Arthur Putnam
Arthur Putnam

Reputation: 1111

Lisp, do something for every element in a list

How do I perform a function on every element in a list? For example say I have a list:

(1 x q)

and I was to use my-function on 1, x, q. Is there a predefined function for this? Similarly to foreach in a "higher" level language? Or do I have to manually step through it using car and cdr?

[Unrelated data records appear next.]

lemma lines_through_subset_join:
  assumes L0: "L0 \<in> \<L>" and L1: "L1 \<in> \<L>" and p: "is_point (L0 \<inter> L1)"
  shows "lines_through (L0 \<inter> L1) \<subseteq> lines_in (L0 + L1)"
proof (rule ccontr)
  let ?p = "L0 \<inter> L1"
  assume "\<not> ?thesis"
  then obtain m where m: "m \<in> \<L>" "?p \<subseteq> m" and m_out: "\<not> m \<subseteq> L0 + L1"
    by blast
  have l: "is_line L0" "is_line L1" "is_line m"
    using L0 L1 m lines by auto
  then have s: "vec.subspace L0" "vec.subspace L1" "vec.subspace m"
    by (simp_all add: psub_def)
  have in01: "L0 \<subseteq> L0 + L1" "L1 \<subseteq> L0 + L1"
    using s by (simp_all add: vec.subset_set_plus_left vec.subset_set_plus_right)
  have "L0 \<inter> m = ?p" "L1 \<inter> m = ?p"
    using line_Int_eq_point[of m _ ?p] l s p m m_out in01 by auto
  then have planes: "is_plane (L0 + L1)" "is_plane (L0 + m)" "is_plane (L1 + m)"
    and cards: "card (lines_in (L0 + L1)) = q + 1" "card (lines_in (L0 + m)) = q + 1"
      "card (lines_in (L1 + m)) = q + 1"
    using is_plane_join[OF l(1,2)] is_plane_join[OF l(1,3)] is_plane_join[OF l(2,3)]
      card_lines_in_join L0 L1 m p by simp_all
  define S where "S = L0 + L1 + m"
  have "is_solid S"
    unfolding S_def using is_solid_join[OF planes(1) l(3) m_out p m(2)] in01 by blast
  have "L0 + L1 \<subseteq> S" "L0 + m \<subseteq> S" "L1 + m \<subseteq> S"
    using vec.subset_set_plus_left[OF s(3)] set_plus_mono2[OF in01(1) subset_refl]
      set_plus_mono2[OF in01(2) subset_refl] by (simp_all add: S_def)
  have m_in: "m \<subseteq> L0 + m" "m \<subseteq> L1 + m"
    using s by (simp_all add: vec.subset_set_plus_right)
  then have "L0 + L1 \<noteq> L0 + m" "L0 + L1 \<noteq> L1 + m"
    using m_out by auto
  moreover have "L0 + m \<noteq> L1 + m"
    using join_ne_if_not_subset[OF planes(1,2) s m_out] .
  ultimately show False
    using solid_not_three_families[OF \<open>is_solid S\<close>, of "lines_in (L0 + L1)" "lines_in (L0 + m)"
        "lines_in (L1 + m)"] cards card_lines_in_Int_le_1 planes
      \<open>L0 + L1 \<subseteq> S\<close> \<open>L0 + m \<subseteq> S\<close> \<open>L1 + m \<subseteq> S\<close>
    by blast
qed
(* For $n\geqslant1$ and $m,f\geqslant0$, let $\mathfrak{i}_{n,m,f}$ be the number of inversion sequences $\sigma$ of length $n$ avoiding both $010$ and $210$, with maximum value $m$ and $\mathrm{forb}(\sigma,\{010,210\})=f$. Then for all $n\geqslant 1$, $m\geqslant 1$ and $0\leqslant f\leqslant m+1$, $$\mathfrak{i}_{n,m,f}=\sum_{p=m+1}^{n}\sum_{i=0}^{f-1}\sum_{j=0}^{m-1}\mathfrak{i}_{p-1,j,i}\cdot\mathfrak{h}_{n-p,\,f-i-1},$$ where $\mathfrak{h}_{a,b}$ is the number of words of length $a$ over $\{1,\dots,b\}\sqcup\{\infty\}$ ($\infty$ the largest letter) avoiding $010$ whose subword obtained by deleting the letters $\infty$ is nondecreasing with maximum $b$ (or is empty, when $b=0$); in particular $\mathfrak{h}_{0,0}=1$ and $\mathfrak{h}_{0,b}=0$ for $b\geqslant1$.
   Context: An inversion sequence of length $n$ is a sequence $(\sigma_1,\dots,\sigma_n)$ of integers with $0\leqslant\sigma_i<i$. A sequence contains a pattern $p$ if some subsequence is order-isomorphic to $p$; otherwise it avoids $p$. Avoiding $010$: no $i<j<l$ with $\sigma_i=\sigma_l<\sigma_j$. Avoiding $210$: no $i<j<l$ with $\sigma_i>\sigma_j>\sigma_l$. For a sequence $\sigma$ avoiding a set of patterns $P$, a value $v\in\{0,\dots,\max(\sigma)\}$ is forbidden if the sequence $\sigma$ followed by $M$ and then $v$ contains some pattern of $P$, where $M>\max(\sigma)$; $\mathrm{forb}(\sigma,P)$ is the number of forbidden values. *)

theory Defs
  imports Main
begin

text \<open>Inversion sequences are 0-indexed lists: entry k (position k+1) satisfies s!k \<le> k.\<close>
definition inv_seq :: "nat \<Rightarrow> nat list \<Rightarrow> bool" where
  "inv_seq n s \<longleftrightarrow> length s = n \<and> (\<forall>k<n. s ! k < Suc k)"

definition order_iso :: "nat list \<Rightarrow> nat list \<Rightarrow> bool" where
  "order_iso u v \<longleftrightarrow> length u = length v \<and>
     (\<forall>a<length u. \<forall>b<length u. (u!a < u!b \<longleftrightarrow> v!a < v!b) \<and> (u!a = u!b \<longleftrightarrow> v!a = v!b))"

definition contains :: "nat list \<Rightarrow> nat list \<Rightarrow> bool" where
  "contains w p \<longleftrightarrow> (\<exists>idx. length idx = length p \<and> sorted_wrt (<) idx \<and>
      (\<forall>k\<in>set idx. k < length w) \<and> order_iso (map ((!) w) idx) p)"

definition avoids :: "nat list set \<Rightarrow> nat list \<Rightarrow> bool" where
  "avoids P w \<longleftrightarrow> (\<forall>p\<in>P. \<not> contains w p)"

definition pat010 :: "nat list" where "pat010 = [0,1,0]"
definition pat210 :: "nat list" where "pat210 = [2,1,0]"

text \<open>Forbidden values; M is taken to be max + 1 (any M > max gives the same answer).\<close>
definition forb :: "nat list \<Rightarrow> nat list set \<Rightarrow> nat" where
  "forb s P = card {v. v \<le> Max (set s) \<and> \<not> avoids P (s @ [Suc (Max (set s)), v])}"

definition ifrak :: "nat \<Rightarrow> nat \<Rightarrow> nat \<Rightarrow> nat" where
  "ifrak n m f = card {s. inv_seq n s \<and> avoids {pat010, pat210} s \<and>
      Max (set s) = m \<and> forb s {pat010, pat210} = f}"

text \<open>Words over {1..b} \<union> {\<infinity>}, with \<infinity> encoded as the letter b+1 (largest letter).\<close>
definition hfrak :: "nat \<Rightarrow> nat \<Rightarrow> nat" where
  "hfrak a b = card {w. length w = a \<and> set w \<subseteq> {1..Suc b} \<and> avoids {pat010} w \<and>
      (let u = filter (\<lambda>x. x \<noteq> Suc b) w in
         sorted u \<and> (if b = 0 then u = [] else u \<noteq> [] \<and> Max (set u) = b))}"

end

theory Submission
  imports Defs
begin

text \<open>
  Split a sequence at the first occurrence of its maximum \<open>m\<close>, as \<open>\<tau> m w\<close> with all entries of
  \<open>\<tau>\<close> below \<open>m\<close>. A letter appended to a sequence completes a 010 exactly when it repeats an
  earlier value that is followed by a larger one, and a 210 exactly when it lies below the smaller
  entry of a descent. Hence \<open>\<tau> m w\<close> avoids both patterns iff \<open>\<tau>\<close> does, \<open>w\<close> avoids 010, the letters
  of \<open>w\<close> other than \<open>m\<close> are nondecreasing and none of them is forbidden for \<open>\<tau>\<close>; and the forbidden
  values of \<open>\<tau> m w\<close> are those of \<open>\<tau>\<close>, the value \<open>m\<close>, and everything below a letter of \<open>w\<close> other
  than \<open>m\<close>. So if \<open>\<tau>\<close> has \<open>i\<close> forbidden values, \<open>forb = f\<close> says precisely that the letters of \<open>w\<close>
  other than \<open>m\<close> are drawn from the \<open>f - i - 1\<close> smallest values not forbidden for \<open>\<tau>\<close>, the largest
  of which occurs. Relabelling these values as \<open>1, \<dots>, f - i - 1\<close> and \<open>m\<close> as \<open>\<infinity>\<close> identifies the
  possible tails \<open>w\<close> with the words counted by \<open>hfrak\<close>; summing over the position of \<open>m\<close>, the
  maximum of \<open>\<tau>\<close> and \<open>i\<close> gives the formula.
\<close>

section \<open>Patterns of length three\<close>

definition subseq_pairs :: "'a list \<Rightarrow> ('a \<times> 'a) set" where
  "subseq_pairs w = {(w!i, w!j) | i j. i < j \<and> j < length w}"

lemma subseq_pairs_Nil [simp]: "subseq_pairs [] = {}"
  by (simp add: subseq_pairs_def)

lemma subseq_pairs_subset: "subseq_pairs w \<subseteq> set w \<times> set w"
  by (auto simp: subseq_pairs_def)

lemma subseq_pairs_snoc: "subseq_pairs (w @ [y]) = subseq_pairs w \<union> set w \<times> {y}"
proof (rule set_eqI, rule iffI)
  fix p assume "p \<in> subseq_pairs (w @ [y])"
  then obtain i j where "i < j" "j \<le> length w" "p = ((w @ [y])!i, (w @ [y])!j)"
    by (auto simp: subseq_pairs_def)
  then show "p \<in> subseq_pairs w \<union> set w \<times> {y}"
  proof (cases "j = length w")
    case False
    with \<open>i < j\<close> \<open>j \<le> length w\<close> \<open>p = _\<close> have "p = (w!i, w!j)" "j < length w"
      by (auto simp: nth_append)
    with \<open>i < j\<close> show ?thesis unfolding subseq_pairs_def by blast
  qed (auto simp: nth_append)
next
  fix p assume "p \<in> subseq_pairs w \<union> set w \<times> {y}"
  then obtain i j where "i < j" "j < length (w @ [y])" "p = ((w @ [y])!i, (w @ [y])!j)"
    by (auto simp: subseq_pairs_def nth_append in_set_conv_nth)
  then show "p \<in> subseq_pairs (w @ [y])"
    unfolding subseq_pairs_def by blast
qed

lemma subseq_pairs_append:
  "subseq_pairs (u @ v) = subseq_pairs u \<union> subseq_pairs v \<union> set u \<times> set v"
  by (induction v rule: rev_induct) (auto simp: subseq_pairs_snoc simp flip: append_assoc)

lemma subseq_pairs_append_Cons:
  "subseq_pairs (u @ x # v) = subseq_pairs u \<union> subseq_pairs v \<union> {x} \<times> set v \<union> set u \<times> insert x (set v)"
  using subseq_pairs_append[of u "[x] @ v"] subseq_pairs_append[of "[x]" v] subseq_pairs_snoc[of "[]" x]
  by auto

definition subseq_triples :: "'a list \<Rightarrow> ('a \<times> 'a \<times> 'a) set" where
  "subseq_triples w = {(w!i, w!j, w!l) | i j l. i < j \<and> j < l \<and> l < length w}"

lemma subseq_triples_snoc:
  "subseq_triples (w @ [y]) = subseq_triples w \<union> {(a, b, y) | a b. (a, b) \<in> subseq_pairs w}"
proof (rule set_eqI, rule iffI)
  fix t assume "t \<in> subseq_triples (w @ [y])"
  then obtain i j l where "i < j" "j < l" "l \<le> length w" "t = ((w @ [y])!i, (w @ [y])!j, (w @ [y])!l)"
    by (auto simp: subseq_triples_def)
  then show "t \<in> subseq_triples w \<union> {(a, b, y) | a b. (a, b) \<in> subseq_pairs w}"
  proof (cases "l = length w")
    case False
    with \<open>i < j\<close> \<open>j < l\<close> \<open>l \<le> length w\<close> \<open>t = _\<close> have "t = (w!i, w!j, w!l)" "l < length w"
      by (auto simp: nth_append)
    with \<open>i < j\<close> \<open>j < l\<close> show ?thesis unfolding subseq_triples_def by blast
  qed (auto simp: subseq_pairs_def nth_append)
next
  fix t assume "t \<in> subseq_triples w \<union> {(a, b, y) | a b. (a, b) \<in> subseq_pairs w}"
  then obtain i j l where "i < j" "j < l" "l < length (w @ [y])" "t = ((w @ [y])!i, (w @ [y])!j, (w @ [y])!l)"
    by (auto simp: subseq_triples_def subseq_pairs_def nth_append)
  then show "t \<in> subseq_triples (w @ [y])"
    unfolding subseq_triples_def by blast
qed
lemma nn_integral_interval_split:
  fixes F :: "real \<Rightarrow> ennreal"
  assumes F: "F \<in> borel_measurable borel" and t: "a \<le> t" "t \<le> b"
  shows "(\<integral>\<^sup>+w\<in>{a..b}. F w \<partial>lborel) = (\<integral>\<^sup>+w\<in>{a..t}. F w \<partial>lborel) + (\<integral>\<^sup>+w\<in>{t..b}. F w \<partial>lborel)"
proof -
  have "(\<integral>\<^sup>+w\<in>{a..b}. F w \<partial>lborel) = (\<integral>\<^sup>+w. F w * indicator {a..t} w + F w * indicator {t..b} w \<partial>lborel)"
  proof (rule nn_integral_cong_AE)
    show "AE w in lborel. F w * indicator {a..b} w = F w * indicator {a..t} w + F w * indicator {t..b} w"
      using AE_lborel_singleton[of t]
      by eventually_elim (use t in \<open>auto simp: indicator_def\<close>)
  qed
  also have "\<dots> = (\<integral>\<^sup>+w\<in>{a..t}. F w \<partial>lborel) + (\<integral>\<^sup>+w\<in>{t..b}. F w \<partial>lborel)"
    using F by (intro nn_integral_add) auto
  finally show ?thesis .
qed

lemma nn_integral_interval_ge_const:
  fixes F :: "real \<Rightarrow> ennreal"
  assumes "\<And>w. w \<in> {a..b} \<Longrightarrow> c \<le> F w" and "a \<le> b"
  shows "c * ennreal (b - a) \<le> (\<integral>\<^sup>+w\<in>{a..b}. F w \<partial>lborel)"
proof -
  have "c * ennreal (b - a) = (\<integral>\<^sup>+w. c * indicator {a..b} w \<partial>lborel)"
    using assms by (simp add: nn_integral_cmult_indicator)
  also have "\<dots> \<le> (\<integral>\<^sup>+w\<in>{a..b}. F w \<partial>lborel)"
    using assms by (intro nn_integral_mono) (auto simp: indicator_def)
  finally show ?thesis .
qed

lemma nn_integral_interval_le_const:
  fixes F :: "real \<Rightarrow> ennreal"
  assumes "\<And>w. w \<in> {a..b} \<Longrightarrow> F w \<le> c" and "a \<le> b"
  shows "(\<integral>\<^sup>+w\<in>{a..b}. F w \<partial>lborel) \<le> c * ennreal (b - a)"
proof -
  have "(\<integral>\<^sup>+w\<in>{a..b}. F w \<partial>lborel) \<le> (\<integral>\<^sup>+w. c * indicator {a..b} w \<partial>lborel)"
    using assms by (intro nn_integral_mono) (auto simp: indicator_def)
  also have "\<dots> = c * ennreal (b - a)"
    using assms by (simp add: nn_integral_cmult_indicator)
  finally show ?thesis .
qed
lemma map_pushforward_families:
  assumes v: "supported v" and bs: "bs \<in> families nu (pullback v)"
  shows "map pushforward bs \<in> families nu v"
proof -
  have len: "length bs = length nu" using bs by (simp add: families_def)
  have row_sum: "sum_list (pushforward b) = sum_list b" if "length b = m" for b
    using sum_list_pullback[OF supported_pushforward, of b] pullback_pushforward[OF that] by simp
  have col: "(\<Sum>j<length nu. pushforward (bs ! j) ! i) = v ! i" if "i < n" for i
  proof (cases "i \<in> g ` {..<m}")
    case True
    then obtain k where "k < m" and "i = g k" by auto
    then show ?thesis using bs by (simp add: families_def)
  next
    case False
    then show ?thesis using v that by (simp add: nth_pushforward_outside supported_def)
  qed
  show ?thesis using bs len v col by (simp add: families_def row_sum supported_def)
qed

lemma bij_betw_map_pullback_families:
  assumes "supported v"
  shows "bij_betw (map pullback) (families nu v) (families nu (pullback v))"
proof (rule bij_betw_byWitness[where f' = "map pushforward"])
  show "\<forall>as\<in>families nu v. map pushforward (map pullback as) = as"
    using assms by (auto simp: pushforward_pullback supported_family_row intro: map_idI)
  have "length b = m" if "bs \<in> families nu (pullback v)" "b \<in> set bs" for bs b
    using families_row_below[OF that] by (simp add: vectors_below_def)
  then show "\<forall>bs\<in>families nu (pullback v). map pullback (map pushforward bs) = bs"
    by (auto simp: pullback_pushforward intro: map_idI)
  show "map pullback ` families nu v \<subseteq> families nu (pullback v)"
    using assms map_pullback_families by blast
  show "map pushforward ` families nu (pullback v) \<subseteq> families nu v"
    using assms map_pushforward_families by blast
qed

lemma assoc_coeff_pullback:
  assumes "supported v"
  shows "assoc_coeff G nu (pullback v) = assoc_coeff G nu v"
proof -
  have weight: "family_weight G (map pullback as) = family_weight G as" if "as \<in> families nu v" for as
    using assms that unfolding family_weight_def map_map
    by (intro arg_cong[where f = prod_list] map_cong)
      (simp_all add: vfact_pullback vec_part_pullback supported_family_row)
  have "assoc_coeff G nu (pullback v)
      = (\<Sum>as\<in>families nu v. vfact (pullback v) * family_weight G (map pullback as))"
    unfolding assoc_coeff_def
    by (rule sum.reindex_bij_betw[OF bij_betw_map_pullback_families[OF assms], symmetric])
  also have "\<dots> = assoc_coeff G nu v"
    unfolding assoc_coeff_def using assms weight by (simp add: vfact_pullback)
  finally show ?thesis .
qed

end
lemma card_chain_Int_le_1:
  assumes "\<And>i k. i < k \<Longrightarrow> k < length chain \<Longrightarrow> chain ! i \<in> X \<Longrightarrow> chain ! k \<in> X \<Longrightarrow> False"
  shows "card (set chain \<inter> X) \<le> 1"
proof -
  have "p = q" if p: "p \<in> set chain \<inter> X" and q: "q \<in> set chain \<inter> X" for p q
  proof -
    obtain i where "i < length chain" "chain ! i = p"
      using p by (meson IntD1 in_set_conv_nth)
    moreover obtain k where "k < length chain" "chain ! k = q"
      using q by (meson IntD1 in_set_conv_nth)
    ultimately show ?thesis
      using assms[of i k] assms[of k i] p q by (cases i k rule: linorder_cases) auto
  qed
  then show ?thesis
    by (simp add: card_le_Suc0_iff_eq)
qed

lemma chain_hits_NW:
  assumes "e \<in> hyperedges W (quad_fam NW) m"
  shows "set chain \<inter> e \<noteq> {}"
proof -
  obtain a b where e: "e = W \<inter> {p. fst p \<le> a \<and> b \<le> snd p}" "card e = m"
    using assms unfolding hyperedges_def by auto
  then show ?thesis
    using greedy_chain_hits_NW_quadrant[OF finite_W m_pos, of a b] chain_subset by auto
qed
lemma add_le_sqrt2_mult_of_sum_sq_le:
  fixes x y s :: real
  assumes "x\<^sup>2 + y\<^sup>2 \<le> s\<^sup>2" "0 \<le> s"
  shows "x + y \<le> sqrt 2 * s"
proof -
  have "(x + y)\<^sup>2 \<le> 2 * (x\<^sup>2 + y\<^sup>2)"
    using sum_squares_ge_zero[of "x - y" 0] by (simp add: power2_eq_square algebra_simps)
  also have "\<dots> \<le> (sqrt 2 * s)\<^sup>2"
    using assms(1) by (simp add: power_mult_distrib)
  finally show ?thesis
    by (rule power2_le_imp_le) (simp add: assms(2))
qed

lemma sum_sq_mixed_products:
  fixes a a' c c' :: "nat \<Rightarrow> real"
  shows "(\<Sum>i<n. \<Sum>k<m. (a i * (c k + c' k) + a' i * (c k - c' k))\<^sup>2
                       + (a i * (c k - c' k) - a' i * (c k + c' k))\<^sup>2)
       = 2 * (\<Sum>i<n. (a i)\<^sup>2 + (a' i)\<^sup>2) * (\<Sum>k<m. (c k)\<^sup>2 + (c' k)\<^sup>2)"
proof -
  have pointwise: "(a i * (c k + c' k) + a' i * (c k - c' k))\<^sup>2 + (a i * (c k - c' k) - a' i * (c k + c' k))\<^sup>2
      = 2 * ((a i)\<^sup>2 + (a' i)\<^sup>2) * ((c k)\<^sup>2 + (c' k)\<^sup>2)" for i k
    by (simp add: power2_eq_square algebra_simps)
  have "2 * (\<Sum>i<n. (a i)\<^sup>2 + (a' i)\<^sup>2) * (\<Sum>k<m. (c k)\<^sup>2 + (c' k)\<^sup>2)
      = (\<Sum>i<n. \<Sum>k<m. 2 * ((a i)\<^sup>2 + (a' i)\<^sup>2) * ((c k)\<^sup>2 + (c' k)\<^sup>2))"
    unfolding sum_distrib_left[of 2] sum_product ..
  then show ?thesis
    by (simp only: pointwise)
qed

text \<open>The vector \<open>v\<close> paired with \<open>b\<close> (or \<open>b'\<close>) in the Svetlichny combination of \<open>chi_corr\<close>
  is a contraction of the \<open>3\<times>3\<close> array \<open>X\<close>; this bounds its length by the Frobenius norm of \<open>X\<close>.\<close>

lemma sq_contraction_le:
  fixes x00 x01 x02 x10 x11 x12 x20 x21 x22 :: real
  shows "(x00 - x11)\<^sup>2 + (x01 + x10)\<^sup>2 + x22\<^sup>2
           \<le> 2 * (x00\<^sup>2 + x01\<^sup>2 + x02\<^sup>2 + x10\<^sup>2 + x11\<^sup>2 + x12\<^sup>2 + x20\<^sup>2 + x21\<^sup>2 + x22\<^sup>2)"
proof -
  have "2 * (x00\<^sup>2 + x01\<^sup>2 + x02\<^sup>2 + x10\<^sup>2 + x11\<^sup>2 + x12\<^sup>2 + x20\<^sup>2 + x21\<^sup>2 + x22\<^sup>2)
          - ((x00 - x11)\<^sup>2 + (x01 + x10)\<^sup>2 + x22\<^sup>2)
        = (x00 + x11)\<^sup>2 + (x01 - x10)\<^sup>2 + x22\<^sup>2 + 2 * (x02\<^sup>2 + x12\<^sup>2 + x20\<^sup>2 + x21\<^sup>2)"
    by (simp add: power2_eq_square algebra_simps)
  moreover have "0 \<le> (x00 + x11)\<^sup>2 + (x01 - x10)\<^sup>2 + x22\<^sup>2 + 2 * (x02\<^sup>2 + x12\<^sup>2 + x20\<^sup>2 + x21\<^sup>2)"
    by simp
  ultimately show ?thesis
    by linarith
qed
(* Let $\eta>0$ and let $\lambda$ be an $\eta$-mixable loss function. Then $\lambda$ is proper if and only if for each $\pi\in(0,1)$ the superprediction set $\Sigma_\lambda$ lies to the Northeast of the shift of the curve $e^{-\eta x}+e^{-\eta y}=1$ that passes through $\Lambda_\pi:=(\lambda(\pi,0),\lambda(\pi,1))$ and has $\Lambda_\pi$ as its $\pi$-point.
   Context: A loss function is a map $\lambda:[0,1]\times\{0,1\}\to[0,\infty]$ satisfying: (1) $\lambda(\gamma,0)$, $\lambda(\gamma,1)$ continuous in $\gamma\in[0,1]$ (standard topology on $[0,\infty]$); (2) some $\gamma$ has both values finite; (3) no $\gamma$ has both values infinite. Superprediction set: $\Sigma_\lambda=\{(x,y)\in[0,\infty)^2:\exists\gamma\ \lambda(\gamma,0)\le x,\ \lambda(\gamma,1)\le y\}$. $\lambda$ is $\eta$-mixable if $\{(e^{-\eta x},e^{-\eta y}):(x,y)\in\Sigma_\lambda\}$ is convex; proper if $\pi\lambda(\pi,1)+(1-\pi)\lambda(\pi,0)\le\pi\lambda(\pi',1)+(1-\pi)\lambda(\pi',0)$ for all $\pi,\pi'\in[0,1]$. For $\pi\in(0,1)$, the $\pi$-point of the curve $e^{-\eta x}+e^{-\eta y}=1$ is $\bigl(-\frac1\eta\ln(1-\pi),-\frac1\eta\ln\pi\bigr)$. A shift of this curve is the curve $e^{-\eta(x-\alpha)}+e^{-\eta(y-\beta)}=1$ for some $(\alpha,\beta)\in\mathbb{R}^2$; its $\pi$-point is $(\alpha,\beta)$ plus the $\pi$-point of the original curve. A point $(x_1,y_1)$ is Northeast of $(x_2,y_2)$ if $x_1\ge x_2$ and $y_1\ge y_2$; a set $A\subseteq\mathbb{R}^2$ lies to the Northeast of a shift if every point of $A$ is Northeast of some point of the shift. *)

theory Defs
  imports "HOL-Analysis.Analysis" "HOL-Library.Extended_Nonnegative_Real"
begin

text \<open>A loss is modelled as lam :: real => nat => ennreal; only gamma in [0,1] and
  outcomes 0 and 1 are relevant. Values in [0,infinity] are ennreal.\<close>

definition loss_function :: "(real \<Rightarrow> nat \<Rightarrow> ennreal) \<Rightarrow> bool" where
  "loss_function lam \<longleftrightarrow>
     continuous_on {0..1} (\<lambda>g. lam g 0) \<and>
     continuous_on {0..1} (\<lambda>g. lam g 1) \<and>
     (\<exists>g\<in>{0..1}. lam g 0 < top \<and> lam g 1 < top) \<and>
     (\<forall>g\<in>{0..1}. \<not> (lam g 0 = top \<and> lam g 1 = top))"

definition superpred :: "(real \<Rightarrow> nat \<Rightarrow> ennreal) \<Rightarrow> (real \<times> real) set" where
  "superpred lam = {(x, y). 0 \<le> x \<and> 0 \<le> y \<and>
     (\<exists>g\<in>{0..1}. lam g 0 \<le> ennreal x \<and> lam g 1 \<le> ennreal y)}"

definition mixable :: "real \<Rightarrow> (real \<Rightarrow> nat \<Rightarrow> ennreal) \<Rightarrow> bool" where
  "mixable \<eta> lam \<longleftrightarrow>
     convex ((\<lambda>(x, y). (exp (- \<eta> * x), exp (- \<eta> * y))) ` superpred lam)"

definition proper_loss :: "(real \<Rightarrow> nat \<Rightarrow> ennreal) \<Rightarrow> bool" where
  "proper_loss lam \<longleftrightarrow>
     (\<forall>p\<in>{0..1}. \<forall>p'\<in>{0..1}.
        ennreal p * lam p 1 + ennreal (1 - p) * lam p 0
          \<le> ennreal p * lam p' 1 + ennreal (1 - p) * lam p' 0)"

definition shift_curve :: "real \<Rightarrow> real \<Rightarrow> real \<Rightarrow> (real \<times> real) set" where
  "shift_curve \<eta> a b = {(x, y). exp (- \<eta> * (x - a)) + exp (- \<eta> * (y - b)) = 1}"

definition shift_pi_point :: "real \<Rightarrow> real \<Rightarrow> real \<Rightarrow> real \<Rightarrow> real \<times> real" where
  "shift_pi_point \<eta> a b p = (a - (1/\<eta>) * ln (1 - p), b - (1/\<eta>) * ln p)"

definition northeast :: "real \<times> real \<Rightarrow> real \<times> real \<Rightarrow> bool" where
  "northeast P Q \<longleftrightarrow> fst Q \<le> fst P \<and> snd Q \<le> snd P"

definition lies_NE_of :: "(real \<times> real) set \<Rightarrow> (real \<times> real) set \<Rightarrow> bool" where
  "lies_NE_of A C \<longleftrightarrow> (\<forall>P\<in>A. \<exists>Q\<in>C. northeast P Q)"

end

theory Submission imports Defs begin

Any help would be much appreciated!

Upvotes: 3

Views: 8619

Answers (2)

sds
sds

Reputation: 60064

If you want to construct a fresh list of results of my-function, use mapcar:

(mapcar #'my-function my-list)

If you do not want the results, use mapc or dolist or loop.

See also

  1. What's the best way to learn LISP?
  2. The #' in common lisp
  3. Why #' is used before lambda in Common Lisp?

Upvotes: 6

Svante
Svante

Reputation: 51531

Of course there is.

Look a the hyperspec symbol index and read about the following:

  • map, map-into
  • mapcar, mapcan, mapcon, mapc, mapl, maplist
  • dolist
  • loop: (loop :for element :in list #|...|#)

If you need the results as another list of the same length: map, map-into, mapcar, loop. If you want to do it by side effects: dolist, loop.